▶ **What this task involves**: Transcribe everything in the records, dropping and changing nothing.
___ Data for this task ___
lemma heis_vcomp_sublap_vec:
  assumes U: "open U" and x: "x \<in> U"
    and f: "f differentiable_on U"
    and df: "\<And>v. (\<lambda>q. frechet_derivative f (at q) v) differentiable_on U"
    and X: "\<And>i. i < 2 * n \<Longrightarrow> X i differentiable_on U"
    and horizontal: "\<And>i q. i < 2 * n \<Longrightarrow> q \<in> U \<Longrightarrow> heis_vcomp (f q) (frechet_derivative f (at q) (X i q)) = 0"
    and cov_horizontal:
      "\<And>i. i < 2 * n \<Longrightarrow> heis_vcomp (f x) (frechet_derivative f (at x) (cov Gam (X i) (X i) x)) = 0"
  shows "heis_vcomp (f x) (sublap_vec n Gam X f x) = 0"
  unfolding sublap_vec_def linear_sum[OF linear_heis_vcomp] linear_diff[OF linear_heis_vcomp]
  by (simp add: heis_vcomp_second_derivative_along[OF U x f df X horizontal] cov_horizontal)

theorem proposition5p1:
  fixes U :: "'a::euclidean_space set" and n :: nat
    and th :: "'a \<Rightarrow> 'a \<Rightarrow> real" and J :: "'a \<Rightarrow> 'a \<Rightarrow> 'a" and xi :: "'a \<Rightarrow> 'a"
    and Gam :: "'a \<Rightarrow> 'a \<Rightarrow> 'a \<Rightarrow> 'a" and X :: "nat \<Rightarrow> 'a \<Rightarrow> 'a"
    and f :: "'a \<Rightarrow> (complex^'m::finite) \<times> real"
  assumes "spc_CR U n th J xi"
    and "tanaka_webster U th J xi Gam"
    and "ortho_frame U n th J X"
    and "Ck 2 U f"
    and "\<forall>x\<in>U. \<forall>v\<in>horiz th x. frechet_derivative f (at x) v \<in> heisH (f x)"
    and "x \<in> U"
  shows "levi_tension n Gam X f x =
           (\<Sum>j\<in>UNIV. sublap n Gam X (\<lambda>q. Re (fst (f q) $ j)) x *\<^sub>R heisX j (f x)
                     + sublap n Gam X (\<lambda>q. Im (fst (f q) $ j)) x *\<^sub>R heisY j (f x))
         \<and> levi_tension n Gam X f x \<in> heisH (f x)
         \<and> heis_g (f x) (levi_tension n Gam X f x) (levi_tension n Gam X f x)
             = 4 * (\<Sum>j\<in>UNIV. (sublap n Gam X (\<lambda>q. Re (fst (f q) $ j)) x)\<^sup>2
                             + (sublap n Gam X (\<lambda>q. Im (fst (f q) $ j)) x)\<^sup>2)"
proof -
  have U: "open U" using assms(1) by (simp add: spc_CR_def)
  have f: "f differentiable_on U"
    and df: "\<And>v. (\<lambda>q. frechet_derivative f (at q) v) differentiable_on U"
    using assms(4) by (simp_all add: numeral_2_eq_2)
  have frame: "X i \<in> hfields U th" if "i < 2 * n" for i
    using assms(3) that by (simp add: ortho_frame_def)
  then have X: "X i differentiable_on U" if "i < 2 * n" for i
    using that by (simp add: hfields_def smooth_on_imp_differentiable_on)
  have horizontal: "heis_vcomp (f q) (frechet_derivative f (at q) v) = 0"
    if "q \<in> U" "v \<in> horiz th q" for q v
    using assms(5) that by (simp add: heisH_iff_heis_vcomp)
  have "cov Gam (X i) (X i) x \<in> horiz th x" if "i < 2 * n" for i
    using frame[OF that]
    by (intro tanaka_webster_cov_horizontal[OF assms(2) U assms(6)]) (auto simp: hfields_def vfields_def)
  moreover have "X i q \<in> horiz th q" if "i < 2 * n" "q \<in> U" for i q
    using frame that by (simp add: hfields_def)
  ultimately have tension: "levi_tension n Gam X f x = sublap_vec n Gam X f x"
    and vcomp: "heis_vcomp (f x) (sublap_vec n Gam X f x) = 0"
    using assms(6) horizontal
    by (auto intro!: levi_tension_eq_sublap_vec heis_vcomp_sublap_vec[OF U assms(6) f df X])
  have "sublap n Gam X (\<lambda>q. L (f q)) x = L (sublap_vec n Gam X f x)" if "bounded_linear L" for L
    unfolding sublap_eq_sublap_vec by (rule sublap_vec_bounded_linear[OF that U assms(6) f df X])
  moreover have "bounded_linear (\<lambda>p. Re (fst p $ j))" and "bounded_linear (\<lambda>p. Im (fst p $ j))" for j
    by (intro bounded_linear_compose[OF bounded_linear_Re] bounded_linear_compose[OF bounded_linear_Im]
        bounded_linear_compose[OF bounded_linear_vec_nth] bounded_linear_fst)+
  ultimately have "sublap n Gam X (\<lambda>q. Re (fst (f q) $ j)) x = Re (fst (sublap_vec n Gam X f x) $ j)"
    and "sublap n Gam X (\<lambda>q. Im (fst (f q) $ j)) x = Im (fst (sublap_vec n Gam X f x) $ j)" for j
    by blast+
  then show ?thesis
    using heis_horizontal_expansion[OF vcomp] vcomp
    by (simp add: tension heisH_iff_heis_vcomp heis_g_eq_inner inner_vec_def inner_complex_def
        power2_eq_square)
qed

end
___
▶ **Result of the exercise**:
lemma heis_vcomp_sublap_vec:
  assumes U: "open U" and x: "x \<in> U"
    and f: "f differentiable_on U"
    and df: "\<And>v. (\<lambda>q. frechet_derivative f (at q) v) differentiable_on U"
    and X: "\<And>i. i < 2 * n \<Longrightarrow> X i differentiable_on U"
    and horizontal: "\<And>i q. i < 2 * n \<Longrightarrow> q \<in> U \<Longrightarrow> heis_vcomp (f q) (frechet_derivative f (at q) (X i q)) = 0"
    and cov_horizontal:
      "\<And>i. i < 2 * n \<Longrightarrow> heis_vcomp (f x) (frechet_derivative f (at x) (cov Gam (X i) (X i) x)) = 0"
  shows "heis_vcomp (f x) (sublap_vec n Gam X f x) = 0"
  unfolding sublap_vec_def linear_sum[OF linear_heis_vcomp] linear_diff[OF linear_heis_vcomp]
  by (simp add: heis_vcomp_second_derivative_along[OF U x f df X horizontal] cov_horizontal)

theorem proposition5p1:
  fixes U :: "'a::euclidean_space set" and n :: nat
    and th :: "'a \<Rightarrow> 'a \<Rightarrow> real" and J :: "'a \<Rightarrow> 'a \<Rightarrow> 'a" and xi :: "'a \<Rightarrow> 'a"
    and Gam :: "'a \<Rightarrow> 'a \<Rightarrow> 'a \<Rightarrow> 'a" and X :: "nat \<Rightarrow> 'a \<Rightarrow> 'a"
    and f :: "'a \<Rightarrow> (complex^'m::finite) \<times> real"
  assumes "spc_CR U n th J xi"
    and "tanaka_webster U th J xi Gam"
    and "ortho_frame U n th J X"
    and "Ck 2 U f"
    and "\<forall>x\<in>U. \<forall>v\<in>horiz th x. frechet_derivative f (at x) v \<in> heisH (f x)"
    and "x \<in> U"
  shows "levi_tension n Gam X f x =
           (\<Sum>j\<in>UNIV. sublap n Gam X (\<lambda>q. Re (fst (f q) $ j)) x *\<^sub>R heisX j (f x)
                     + sublap n Gam X (\<lambda>q. Im (fst (f q) $ j)) x *\<^sub>R heisY j (f x))
         \<and> levi_tension n Gam X f x \<in> heisH (f x)
         \<and> heis_g (f x) (levi_tension n Gam X f x) (levi_tension n Gam X f x)
             = 4 * (\<Sum>j\<in>UNIV. (sublap n Gam X (\<lambda>q. Re (fst (f q) $ j)) x)\<^sup>2
                             + (sublap n Gam X (\<lambda>q. Im (fst (f q) $ j)) x)\<^sup>2)"
proof -
  have U: "open U" using assms(1) by (simp add: spc_CR_def)
  have f: "f differentiable_on U"
    and df: "\<And>v. (\<lambda>q. frechet_derivative f (at q) v) differentiable_on U"
    using assms(4) by (simp_all add: numeral_2_eq_2)
  have frame: "X i \<in> hfields U th" if "i < 2 * n" for i
    using assms(3) that by (simp add: ortho_frame_def)
  then have X: "X i differentiable_on U" if "i < 2 * n" for i
    using that by (simp add: hfields_def smooth_on_imp_differentiable_on)
  have horizontal: "heis_vcomp (f q) (frechet_derivative f (at q) v) = 0"
    if "q \<in> U" "v \<in> horiz th q" for q v
    using assms(5) that by (simp add: heisH_iff_heis_vcomp)
  have "cov Gam (X i) (X i) x \<in> horiz th x" if "i < 2 * n" for i
    using frame[OF that]
    by (intro tanaka_webster_cov_horizontal[OF assms(2) U assms(6)]) (auto simp: hfields_def vfields_def)
  moreover have "X i q \<in> horiz th q" if "i < 2 * n" "q \<in> U" for i q
    using frame that by (simp add: hfields_def)
  ultimately have tension: "levi_tension n Gam X f x = sublap_vec n Gam X f x"
    and vcomp: "heis_vcomp (f x) (sublap_vec n Gam X f x) = 0"
    using assms(6) horizontal
    by (auto intro!: levi_tension_eq_sublap_vec heis_vcomp_sublap_vec[OF U assms(6) f df X])
  have "sublap n Gam X (\<lambda>q. L (f q)) x = L (sublap_vec n Gam X f x)" if "bounded_linear L" for L
    unfolding sublap_eq_sublap_vec by (rule sublap_vec_bounded_linear[OF that U assms(6) f df X])
  moreover have "bounded_linear (\<lambda>p. Re (fst p $ j))" and "bounded_linear (\<lambda>p. Im (fst p $ j))" for j
    by (intro bounded_linear_compose[OF bounded_linear_Re] bounded_linear_compose[OF bounded_linear_Im]
        bounded_linear_compose[OF bounded_linear_vec_nth] bounded_linear_fst)+
  ultimately have "sublap n Gam X (\<lambda>q. Re (fst (f q) $ j)) x = Re (fst (sublap_vec n Gam X f x) $ j)"
    and "sublap n Gam X (\<lambda>q. Im (fst (f q) $ j)) x = Im (fst (sublap_vec n Gam X f x) $ j)" for j
    by blast+
  then show ?thesis
    using heis_horizontal_expansion[OF vcomp] vcomp
    by (simp add: tension heisH_iff_heis_vcomp heis_g_eq_inner inner_vec_def inner_complex_def
        power2_eq_square)
qed

end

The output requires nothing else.